Это был наш последний разговор, и я даже знаю, удалось ли ему привести в исполнение намерение обсудить этот вопрос с Францем-Иосифом. Обе балканские войны были зарницами надвигавшейся европейской грозы. Каждому знатоку балканских отношений было ясно, что завершившие их мирные договоры не привели ни к какому определенному результату и что Бухарестский мир, так восторженно отпразднованный в Румынии в 1913 году, был, в сущности, мертворожденным. Униженная, урезанная Болгария, несоразмерно разросшаяся Румыния и в особенности Сербия, преисполненные заносчивости, не поддающейся никакому описанию, Албания, продолжавшая служить яблоком раздора между Австро-Венгрией и Италией, – вот картина, которая предвещала не успокоение, а новую войну.
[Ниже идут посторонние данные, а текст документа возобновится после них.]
lemma cut_near_midpoint:
  assumes "q > 0" "\<And>w. w < 2 ^ d \<Longrightarrow> q \<le> M w \<and> M w \<le> q + 1" "v < 2 ^ d" "j \<in> {1..d}"
  shows "\<bar>cut j v - (a j + b j) / 2\<bar> \<le> (b j - a j) / (4 * q)"
proof -
  let ?low = "bit_class d j v \<inter> {w. eps j w = 0}"
  have bij: "bij_betw (flip_bit (j - 1)) ?low (bit_class d j v - {w. eps j w = 0})"
    by (rule bij_betw_flip_bit_bit_class[OF assms(4)])
  have "class_weight j v = low_weight j v + (\<Sum>w\<in>bit_class d j v - {w. eps j w = 0}. M w)"
    unfolding class_weight_def low_weight_def by (rule sum.Int_Diff[OF finite_bit_class])
  also have "(\<Sum>w\<in>bit_class d j v - {w. eps j w = 0}. M w) = (\<Sum>w\<in>?low. M (flip_bit (j - 1) w))"
    using sum.reindex_bij_betw[OF bij, of M] by simp
  finally have split: "class_weight j v = low_weight j v + (\<Sum>w\<in>?low. M (flip_bit (j - 1) w))" .
  have "v \<in> ?low \<or> flip_bit (j - 1) v \<in> ?low"
    using self_in_bit_class[OF assms(3)] flip_bit_in_bit_class[OF assms(4)] eps_flip_bit[of j]
      eps_le_1[of j v] assms(4) by auto
  then have "?low \<noteq> {}" by blast
  moreover have "w < 2 ^ d" "flip_bit (j - 1) w < 2 ^ d" if "w \<in> ?low" for w
    using that flip_bit_less_power[OF assms(4)] unfolding bit_class_def by auto
  ultimately have ratio: "\<bar>low_weight j v / class_weight j v - 1 / 2\<bar> \<le> 1 / (4 * q)"
    unfolding split low_weight_def using assms(1,2)
    by (intro sum_ratio_near_half) auto
  have "cut j v - (a j + b j) / 2 = (b j - a j) * (low_weight j v / class_weight j v - 1 / 2)"
    unfolding cut_def by (simp add: field_simps)
  moreover have ab: "0 \<le> b j - a j" using lower_le_upper assms(4) by auto
  moreover have "(b j - a j) * \<bar>low_weight j v / class_weight j v - 1 / 2\<bar>
                 \<le> (b j - a j) * (1 / (4 * q))"
    by (rule mult_left_mono[OF ratio ab])
  ultimately show ?thesis by (simp add: abs_mult)
qed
Надо было пожить на Балканах, чтобы оценить безграничную ненависть, царившую здесь между отдельными национальностями. Когда эта ненависть разразилась мировой войной, то она сказалась в целом ряде ужасающих сцен. Известны случаи, когда пленные болгары были буквально растерзаны румынами, но и болгары, в свою очередь, не оставались в долгу и замучивали до смерти пленных румын самым зверским образом. О том, с какой жестокостью расправлялись с неприятелем сербы, лучше других могут рассказать наши части.
Император Франц-Иосиф предвидел совершенно ясно, что мир, последовавший за второй балканской войной, представлял из себя не что иное, как передышку перед новой войной. Когда в тринадцатом году, накануне своего отъезда в Бухарест, я имел аудиенцию у старого императора, он сказал мне: «Бухарестский мир непрочен, и мы идем навстречу новой войне. Дай только бог, чтобы она ограничилась Балканами». Сербия расширилась почти вдвое, но была далека от того, чтобы довольствоваться своим новым положением. Наоборот, она больше, чем когда-либо, лелеяла мечты о великодержавности.
Правда, пока еще положение вещей было внешне спокойным. Более того, за несколько недель перед катастрофой в Сараеве создалось настроение, которое можно было отметить почти как улучшение отношений между Веной и Белградом. Но это было затишье перед бурей. Покров разорвался 28 июня, и перед миром тотчас же разверзлась пропасть. Камень покатился, жребий был брошен.
К тому времени я был уже посланником в Румынии и поэтому мог наблюдать берлинские и венские события только издали. Но зато впоследствии я говорил со многими влиятельными лицами о событиях этих критических дней и из всего, что услышал, я мог составить себе вполне определенную и ясную картину происшедшего. Для меня не подлежит никакому сомнению, что Берхтольду даже во сне не снилась мировая война в тех размерах, в каких она разразилась, и что он прежде всего был убежден в том, что война против Франции и России во всяком случае окончится победой.